Machine learning (ML) predictors are hailed as tools that could help faster development of better performing catalysts. This vision rests on the capability of ML-predictors to identify which catalyst structures outperform known ones. Nevertheless, several problems must be solved before ML-predictors can become a standard tool in the ordinary catalysis lab. In this joint presentation we will focus on some of these issues, and we will propose strategies to build robust ML-predictors. One critical point in developing ML approaches for catalyst engineering in homogenous catalysis is the scarce availability of large and curated training datasets. In most of the cases only few dozens of catalysts are available, and synthesis of new ones can require remarkable efforts. Unfortunately, it is difficult to gauge the accuracy of ML-predictors, trained on few-entry datasets, to identify improved catalysts before deployment in a real-world domain. To solve this issue, we developed a series of tests and confidence scores aimed to estimate the expected prediction capability of a new ML-predictor.

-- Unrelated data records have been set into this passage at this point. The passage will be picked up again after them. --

definition W3 :: "('o,'a,'c,'z) bicat_data_scheme \<Rightarrow> ('o,'a,'c,'w) warp_data_scheme \<Rightarrow> bool" where
  "W3 B W \<longleftrightarrow> (\<forall>X \<in> Ob B. \<forall>Y \<in> Ob B. \<forall>f \<in> hom1 B X (WD W Y).
     VComp B (Lam B (WT W X Y f))
       (VComp B (wl B (Wv0 W Y) (WT W X Y f)) (Wv W X Y Y (WK W Y) f))
     = VComp B (WT2 W X Y (Lam B f)) (WT2 W X Y (wl B (Wv0 W Y) f)))"

definition W4 :: "('o,'a,'c,'z) bicat_data_scheme \<Rightarrow> ('o,'a,'c,'w) warp_data_scheme \<Rightarrow> bool" where
  "W4 B W \<longleftrightarrow> (\<forall>X \<in> Ob B. \<forall>Y \<in> Ob B. \<forall>Z \<in> Ob B.
     \<forall>f \<in> hom1 B X (WD W Y). \<forall>g \<in> hom1 B Y (WD W Z).
     VComp B (Alpha B (WK W X) (WT W X Y f) (WT W Y Z g))
       (VComp B (wl B (Wv W X Y Z g f) (WK W X)) (Wk W X Z (HComp1 B (WT W Y Z g) f)))
     = wr B (WT W Y Z g) (Wk W X Y f))"

definition W5 :: "('o,'a,'c,'z) bicat_data_scheme \<Rightarrow> ('o,'a,'c,'w) warp_data_scheme \<Rightarrow> bool" where
  "W5 B W \<longleftrightarrow> (\<forall>X \<in> Ob B.
     VComp B (Lam B (WK W X)) (VComp B (wl B (Wv0 W X) (WK W X)) (Wk W X X (WK W X)))
     = Id2 B (WK W X))"

definition skew_warping ::
  "('o,'a,'c,'z) bicat_data_scheme \<Rightarrow> ('o,'a,'c,'w) warp_data_scheme \<Rightarrow> bool" where
  "skew_warping B W \<longleftrightarrow> warping_data B W \<and> W1 B W \<and> W2 B W \<and> W3 B W \<and> W4 B W \<and> W5 B W"

definition warping_invertible ::
  "('o,'a,'c,'z) bicat_data_scheme \<Rightarrow> ('o,'a,'c,'w) warp_data_scheme \<Rightarrow> bool" where
  "warping_invertible B W \<longleftrightarrow>
    (\<forall>X \<in> Ob B. \<forall>Y \<in> Ob B. \<forall>Z \<in> Ob B. \<forall>f \<in> hom1 B X (WD W Y). \<forall>g \<in> hom1 B Y (WD W Z).
        invertible2 B (Wv W X Y Z g f)) \<and>
    (\<forall>X \<in> Ob B. \<forall>Y \<in> Ob B. \<forall>f \<in> hom1 B X (WD W Y). invertible2 B (Wk W X Y f)) \<and>
    (\<forall>Y \<in> Ob B. invertible2 B (Wv0 W Y))"

definition warping ::
  "('o,'a,'c,'z) bicat_data_scheme \<Rightarrow> ('o,'a,'c,'w) warp_data_scheme \<Rightarrow> bool" where
  "warping B W \<longleftrightarrow> bicategory B \<and> skew_warping B W \<and> warping_invertible B W"

end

To achieve robust validation of the workflow we considered a variety of different reaction classes, covering a broad chemistry scope. High-throughput experimentation databases offer a decisive advantage over mixed databases curated from literature sources as they ensure judicious adherence to standard process conditions. Utilizing such databases, we have developed catalyst class independent models for key performance parameters in olefin polymerization catalysis using a limited number of “chemically intuitive” descriptors that partition the distribution of steric bulk in the active pocket and measure electronic effects. Descriptors were designed for the performance indicators stereoselectivity and regioselectivity. The power of these new descriptors is emphasized by (a) models describing molar mass capability and comonomer affinity “out-of-the-box” and (b) the generated chemical insight.